With the existing model, you’re also left with the age old problem of how to contact and engage passive candidates, and encourage them to consider leaving to work for you. It’s a specialized sell, and one that good recruiters spend careers refining. Given the recruiting challenges and concerns hiring managers have, it’s not surprising that their wish list for improvements includes greater access to qualified candidates, better information and less time searching, according to The Search Party research.

HR Can “Uber-ize” Recruitment
Just like Uber revolutionized the transport industry, an Uber-like approach to hiring is what will give recruitment a much needed boost. Wholesale evolution leading to a faster, cheaper, more reliable mechanism for hiring will come by embracing marketplace economics and leveraging the power of data science and machine learning (systems that can make sense of vast volumes of data that were impossible until only recently) to quickly and easily identify the best candidates for specific jobs.

Then the screening and the “selling” of the job to a candidate will be handled by experienced recruiters to save employers time and maximize the chance of a successful hire. This model will mark the true paradigm shift in recruitment as it empowers the three stakeholders in all recruitment processes: the employer, the recruiter and the candidate.

It will take time for digital innovations to be common place; it’s still early days. Substantial investment has been made in existing models, RPOs and internal teams. It will take time to realize that however these are organized, they are ineffective and inefficient. There is a better way now.

Hire on Culture: Interview Only Those Capable, Interested and Excited
The true power and value of digital recruitment to HR and talent managers comes from the automation of the time-intensive, complex parts of recruitment. Vetting candidates and making sure they have sufficient experience and the right skills is important; however, it’s not the best use of a busy HR manager’s time.

The role and value of technology is to make it easier to define and identify the perfect candidate for a role. To do this, you need a gigantic pool of highly-detailed and rich candidate information and cutting-edge search technologies. Short-listing is quick and easy.

The quickest way to then get a candidate to interview is to use a skilled professional who has a pre-existing relationship. Let them make the call while you do more important things. Importantly, everyone selected for interview should be pre-screened for interest, capability and excitement so that you decide based on cultural fit—a job best left for humans.
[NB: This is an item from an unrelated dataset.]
(* Let $c>0$, $0<\delta<1$, $M\ge1$ and let $\chi:\mathbb R\to\mathbb R$ satisfy $\chi(t)=ct$ for every $t\ge-\delta$ and $\chi|_{(-\infty,0]}\in\widetilde{\mathcal W}^-\cup\mathcal W^+_M$. Let $g$ be a smooth function on $\mathbb R$ supported in $[-1,1]$ with $g(t)=g(-t)$, $0\le g\le1$, $\int_{\mathbb R}g=1$; put $g_\epsilon(t)=\epsilon^{-1}g(t/\epsilon)$ and $\chi_\epsilon=\chi*g_\epsilon$ for $\epsilon>0$. Then: (i) if $\chi|_{(-\infty,0]}\in\widetilde{\mathcal W}^-$, then $\chi_\epsilon|_{(-\infty,0]}\in\widetilde{\mathcal W}^-$ for every $0<\epsilon<\delta$, $\chi_\epsilon\searrow\chi$ as $\epsilon\searrow0$, and $\sup(\chi_\epsilon-\chi)\le c\epsilon$; (ii) if $\chi|_{(-\infty,0]}\in\mathcal W^+_M$ and $0<\epsilon<\delta^2/2$, then $\chi_\epsilon|_{(-\infty,0]}\in\mathcal W^+_{M/(1-\delta)}$; moreover, if $0<\epsilon<\delta^2/8$, then $\overline\chi_\epsilon:=\chi_\epsilon(\cdot+\epsilon)-c\epsilon$ satisfies $\overline\chi_\epsilon|_{(-\infty,0]}\in\mathcal W^+_{M/(1-\delta)^2}$ and $\overline\chi_\epsilon\ge\chi-c\epsilon$, and $\overline\chi_\epsilon\to\chi$ uniformly on compact subsets of $\mathbb R$ as $\epsilon\to0$.
   Context: $\widetilde{\mathcal W}^-$: convex non-decreasing $\chi:\mathbb R_{\le0}\to\mathbb R_{\le0}$, $\chi(0)=0$, $\chi\not\equiv0$. $\mathcal W^+_M$: increasing concave $\chi:\mathbb R_{\le0}\to\mathbb R_{\le0}$, $\chi(0)=0$, $\chi<0$ on $(-\infty,0)$, $|t\chi'(t)|\le M|\chi(t)|$ for $t\le0$. *)

theory Defs
  imports "HOL-Analysis.Analysis"
begin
Stop Choosing the Best of a Bad Bunch (Slowly)
Instead, choose the best of a GREAT bunch (quickly).

We all know that the productivity of a great candidate far outweighs that of an average one. A good hire is worth its weight in gold. Imagine this: instead of taking two to three months to hire, it takes four weeks—half the time. Think of what you could do with that time: be more productive, profitable, and charitable.

Every innovation will be judged on its ability to improve upon the previous models. The time is now right for the HR industry to step past the allure of small innovations, and embrace true change and a new approach to hiring that is better, faster, easier and cheaper.

Ben Hutt is CEO of the digital recruitment marketplace The Search Party.